Can you make a Pencil?
The ordinary lead pencil found at the next door stationery shop.
Do you know what it takes to actually make a pencil? The human effort, the technology, the resources.
No single human in the world knows exactly how to make a pencil, yet billions of them are churned out from factories around the world everyday.
Production of an ordinary pencil is a testimony to the power of human collaboration and ingenuity.
Economist Leonard E. Read wrote a short essay in 1958, beautifully demonstrating this irony. The essay was titled I, Pencil.
Much like the humble pencil, making of a nation also requires many complex human and technological collaborations to come through.
Collaborations which cut across national and cultural boundaries.

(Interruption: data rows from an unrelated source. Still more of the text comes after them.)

lemma (in module) ex_annihilator_cross_difference_iff:
  assumes S: "submonoid S R" and t0: "t0 \<in> S" "t0 \<odot>\<^bsub>M\<^esub> m = \<zero>\<^bsub>M\<^esub>"
    and m: "m \<in> carrier M" "m' \<in> carrier M" and s: "s \<in> S" "s' \<in> S"
  shows "(\<exists>t \<in> S. t \<odot>\<^bsub>M\<^esub> (s' \<odot>\<^bsub>M\<^esub> m \<ominus>\<^bsub>M\<^esub> s \<odot>\<^bsub>M\<^esub> m') = \<zero>\<^bsub>M\<^esub>)
    \<longleftrightarrow> (\<exists>t \<in> S. t \<odot>\<^bsub>M\<^esub> m' = \<zero>\<^bsub>M\<^esub>)"
proof -
  interpret submonoid S R by fact
  have Sc: "t \<in> S \<Longrightarrow> t \<in> carrier R" for t
    using subset by blast
  have cross: "(t0 \<otimes> t) \<odot>\<^bsub>M\<^esub> (s' \<odot>\<^bsub>M\<^esub> m \<ominus>\<^bsub>M\<^esub> s \<odot>\<^bsub>M\<^esub> m') = \<ominus>\<^bsub>M\<^esub> ((t0 \<otimes> t \<otimes> s) \<odot>\<^bsub>M\<^esub> m')"
    if t: "t \<in> S" for t
  proof -
    have "(t0 \<otimes> t \<otimes> s') \<odot>\<^bsub>M\<^esub> m = (t \<otimes> s') \<odot>\<^bsub>M\<^esub> (t0 \<odot>\<^bsub>M\<^esub> m)"
      using t t0(1) Sc s m by (simp add: smult_assoc1[symmetric] m_ac)
    then have "(t0 \<otimes> t \<otimes> s') \<odot>\<^bsub>M\<^esub> m = \<zero>\<^bsub>M\<^esub>"
      using t t0 Sc s by simp
    then show ?thesis
      using t t0 Sc s m by (simp add: smult_minus_smult) (simp add: a_minus_def)
  qed
  show ?thesis
  proof
    assume "\<exists>t \<in> S. t \<odot>\<^bsub>M\<^esub> (s' \<odot>\<^bsub>M\<^esub> m \<ominus>\<^bsub>M\<^esub> s \<odot>\<^bsub>M\<^esub> m') = \<zero>\<^bsub>M\<^esub>"
    then obtain t where t: "t \<in> S" and "t \<odot>\<^bsub>M\<^esub> (s' \<odot>\<^bsub>M\<^esub> m \<ominus>\<^bsub>M\<^esub> s \<odot>\<^bsub>M\<^esub> m') = \<zero>\<^bsub>M\<^esub>"
      by blast
    then have "(t0 \<otimes> t) \<odot>\<^bsub>M\<^esub> (s' \<odot>\<^bsub>M\<^esub> m \<ominus>\<^bsub>M\<^esub> s \<odot>\<^bsub>M\<^esub> m') = \<zero>\<^bsub>M\<^esub>"
      using t t0 Sc s m by (simp add: smult_assoc1)
    then have "(t0 \<otimes> t \<otimes> s) \<odot>\<^bsub>M\<^esub> m' = \<zero>\<^bsub>M\<^esub>"
      using cross[OF t] t t0 Sc s m by (simp add: add.inv_eq_1_iff)
    then show "\<exists>t \<in> S. t \<odot>\<^bsub>M\<^esub> m' = \<zero>\<^bsub>M\<^esub>"
      using t t0 s by blast
  next
    assume "\<exists>t \<in> S. t \<odot>\<^bsub>M\<^esub> m' = \<zero>\<^bsub>M\<^esub>"
    then obtain t where t: "t \<in> S" and tm': "t \<odot>\<^bsub>M\<^esub> m' = \<zero>\<^bsub>M\<^esub>"
      by blast
    have "(t0 \<otimes> t \<otimes> s) \<odot>\<^bsub>M\<^esub> m' = (t0 \<otimes> s) \<odot>\<^bsub>M\<^esub> (t \<odot>\<^bsub>M\<^esub> m')"
      using t t0(1) Sc s m by (simp add: smult_assoc1[symmetric] m_ac)
    then have "(t0 \<otimes> t \<otimes> s) \<odot>\<^bsub>M\<^esub> m' = \<zero>\<^bsub>M\<^esub>"
      using tm' t0(1) Sc s by simp
    then have "(t0 \<otimes> t) \<odot>\<^bsub>M\<^esub> (s' \<odot>\<^bsub>M\<^esub> m \<ominus>\<^bsub>M\<^esub> s \<odot>\<^bsub>M\<^esub> m') = \<zero>\<^bsub>M\<^esub>"
      using cross[OF t] by simp
    then show "\<exists>t \<in> S. t \<odot>\<^bsub>M\<^esub> (s' \<odot>\<^bsub>M\<^esub> m \<ominus>\<^bsub>M\<^esub> s \<odot>\<^bsub>M\<^esub> m') = \<zero>\<^bsub>M\<^esub>"
      using t t0 by blast
  qed
qed

lemma loc_class_eq_zero_iff:
  fixes R (structure)
  assumes "module R M" and S: "submonoid S R" and m: "m \<in> carrier M" and s: "s \<in> S"
  shows "loc_class R M S m s = loc_class R M S \<zero>\<^bsub>M\<^esub> \<one> \<longleftrightarrow> (\<exists>t \<in> S. t \<odot>\<^bsub>M\<^esub> m = \<zero>\<^bsub>M\<^esub>)"
proof -
  interpret module R M by fact
  have Sc: "t \<in> S \<Longrightarrow> t \<in> carrier R" for t
    using submonoid.subset[OF S] by blast
  have mem_zero: "(m', s') \<in> loc_class R M S \<zero>\<^bsub>M\<^esub> \<one> \<longleftrightarrow>
      m' \<in> carrier M \<and> s' \<in> S \<and> (\<exists>t \<in> S. t \<odot>\<^bsub>M\<^esub> m' = \<zero>\<^bsub>M\<^esub>)" for m' s'
    using submonoid.one_closed[OF S] by (auto simp: mem_loc_class_iff a_minus_def smult_r_minus Sc)
  show ?thesis
  proof
    have "(m, s) \<in> loc_class R M S m s"
      using m s Sc by (auto simp: mem_loc_class_iff a_minus_def r_neg intro!: bexI[of _ \<one>])
    moreover assume "loc_class R M S m s = loc_class R M S \<zero>\<^bsub>M\<^esub> \<one>"
    ultimately show "\<exists>t \<in> S. t \<odot>\<^bsub>M\<^esub> m = \<zero>\<^bsub>M\<^esub>"
      using mem_zero by blast
  next
    assume "\<exists>t \<in> S. t \<odot>\<^bsub>M\<^esub> m = \<zero>\<^bsub>M\<^esub>"
    then obtain t0 where t0: "t0 \<in> S" "t0 \<odot>\<^bsub>M\<^esub> m = \<zero>\<^bsub>M\<^esub>"
      by blast
    have "(m', s') \<in> loc_class R M S m s \<longleftrightarrow> (m', s') \<in> loc_class R M S \<zero>\<^bsub>M\<^esub> \<one>" for m' s'
    proof (cases "m' \<in> carrier M \<and> s' \<in> S")
      case True
      then show ?thesis
        using ex_annihilator_cross_difference_iff[OF S t0 m _ s, of m' s']
        unfolding mem_zero by (simp add: mem_loc_class_iff m s)
    qed (auto simp: mem_loc_class_iff)
    then show "loc_class R M S m s = loc_class R M S \<zero>\<^bsub>M\<^esub> \<one>"
      by (simp add: set_eq_iff)
  qed
qed

lemma loc_deg_zero_eq_trivial_iff:
  fixes R (structure)
  assumes gm: "graded_module R Rg M Mg" and S: "submonoid S R"
  shows "loc_deg R Rg M Mg S 0 = {loc_class R M S \<zero>\<^bsub>M\<^esub> \<one>} \<longleftrightarrow>
    (\<forall>n m s. m \<in> Mg n \<longrightarrow> s \<in> S \<longrightarrow> s \<in> Rg n \<longrightarrow> (\<exists>t \<in> S. t \<odot>\<^bsub>M\<^esub> m = \<zero>\<^bsub>M\<^esub>))"
proof -
  interpret G: graded_abelian_group M Mg
    using graded_module_graded_abelian_group[OF gm] .
  have gr: "graded_ring R Rg" and M: "module R M"
    using gm by (simp_all add: graded_module_def)
  have "loc_class R M S \<zero>\<^bsub>M\<^esub> \<one> \<in> loc_deg R Rg M Mg S 0"
    unfolding loc_deg_def
    using G.zero_in_grade[of 0] graded_ring_one_homogeneous[OF gr] submonoid.one_closed[OF S]
    by (intro CollectI exI[of _ "\<zero>\<^bsub>M\<^esub>"] exI[of _ \<one>] exI[of _ "0::int"]) simp
  then have "loc_deg R Rg M Mg S 0 = {loc_class R M S \<zero>\<^bsub>M\<^esub> \<one>} \<longleftrightarrow>
      (\<forall>c \<in> loc_deg R Rg M Mg S 0. c = loc_class R M S \<zero>\<^bsub>M\<^esub> \<one>)"
    by blast
  also have "\<dots> \<longleftrightarrow> (\<forall>n m s. m \<in> Mg n \<longrightarrow> s \<in> S \<longrightarrow> s \<in> Rg n \<longrightarrow>
        loc_class R M S m s = loc_class R M S \<zero>\<^bsub>M\<^esub> \<one>)"
    unfolding loc_deg_def by auto
  also have "\<dots> \<longleftrightarrow> (\<forall>n m s. m \<in> Mg n \<longrightarrow> s \<in> S \<longrightarrow> s \<in> Rg n \<longrightarrow> (\<exists>t \<in> S. t \<odot>\<^bsub>M\<^esub> m = \<zero>\<^bsub>M\<^esub>))"
    using loc_class_eq_zero_iff[OF M S G.grade_closed] by simp
  finally show ?thesis .
qed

No nation in the world today can claim to be self sufficient, it cannot claim to not be dependent on some other nation for some commodity or service.
And its a good thing.
This complex network of interdependence helps nations focus on the things that they are good at, and outsource the things that someone else is better at. This sort of collaboration benefits both parties involved.
And yet, across the world, today we see a wave of protectionism and conservatism sweeping across. We see even countries which have benefited tremendously from international trade, raising their tariffs and discouraging international trade.

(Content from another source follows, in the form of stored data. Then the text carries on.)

lemma eventually_above_if_deriv_ge_proportional:
  fixes f f' :: "real \<Rightarrow> real"
  assumes der: "\<forall>x\<ge>a. (f has_real_derivative f' x) (at x)"
    and pos: "\<forall>x\<ge>a. f x > 0"
    and grow: "\<forall>x\<ge>a. f x \<le> c \<longrightarrow> f' x \<ge> k * f x / x"
    and "k > 0" "a > 0" "c > 0"
  shows "eventually (\<lambda>x. f x > c) at_top"
proof -
  have "\<forall>x\<ge>a. ((\<lambda>x. - ln (f x)) has_real_derivative - (f' x / f x)) (at x)"
    using der pos by (auto intro!: derivative_eq_intros)
  moreover have "- (f' x / f x) \<le> - k / x" if "x \<ge> a" "- ln (f x) \<ge> - ln c" for x
  proof -
    have "f x \<le> c" using that pos \<open>c > 0\<close> by simp
    with grow that have "k * f x / x \<le> f' x" by blast
    then show ?thesis using pos that by (simp add: field_simps)
  qed
  ultimately have "eventually (\<lambda>x. - ln (f x) < - ln c) at_top"
    using \<open>k > 0\<close> \<open>a > 0\<close>
    by (intro eventually_below_if_deriv_le_neg_inverse[where a = a and k = k]) auto
  moreover have "eventually (\<lambda>x. f x > 0) at_top"
    using pos by (auto simp: eventually_at_top_linorder)
  ultimately show ?thesis
    by eventually_elim (use \<open>c > 0\<close> in simp)
qed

Couple of months ago, the Indian government kicked off its “Aatmanirbhar Bharat” campaign. It roughly translates to “Self reliant India” and its a clarion call for Indians to consume Indian products and services as opposed to foreign imports.
While there have not been any visible changes at the policy level, this seems like the government’s effort to jumpstart the economy and boost domestic consumption. Something which might now work if domestic production cannot match up to the country’s imports.
The move triggers more politics than policy, and seems fundamentally flawed.
Last month we sat down with our friend Gaurav Tiwari on a zoom call to discuss the merits of this bold ambition.
In this hour long conversation we discussed the historical patterns of protectionism across the globe, India’s relationship with China and we discussed areas where India can truly become a leader in the global economy.
You can listen to the audio version by clicking on the play icon at the top, or you can watch the conversation on YouTube —
Signing off for the week, here’s a quote worth pondering from the essay I, Pencil
I, Pencil, am a complex combination of miracles: a tree, zinc, copper, graphite, and so on. But to these miracles which manifest themselves in Nature an even more extraordinary miracle has been added: the configuration of creative human energies—millions of tiny know-hows configurating naturally and spontaneously in response to human necessity and desire and in the absence of any human masterminding!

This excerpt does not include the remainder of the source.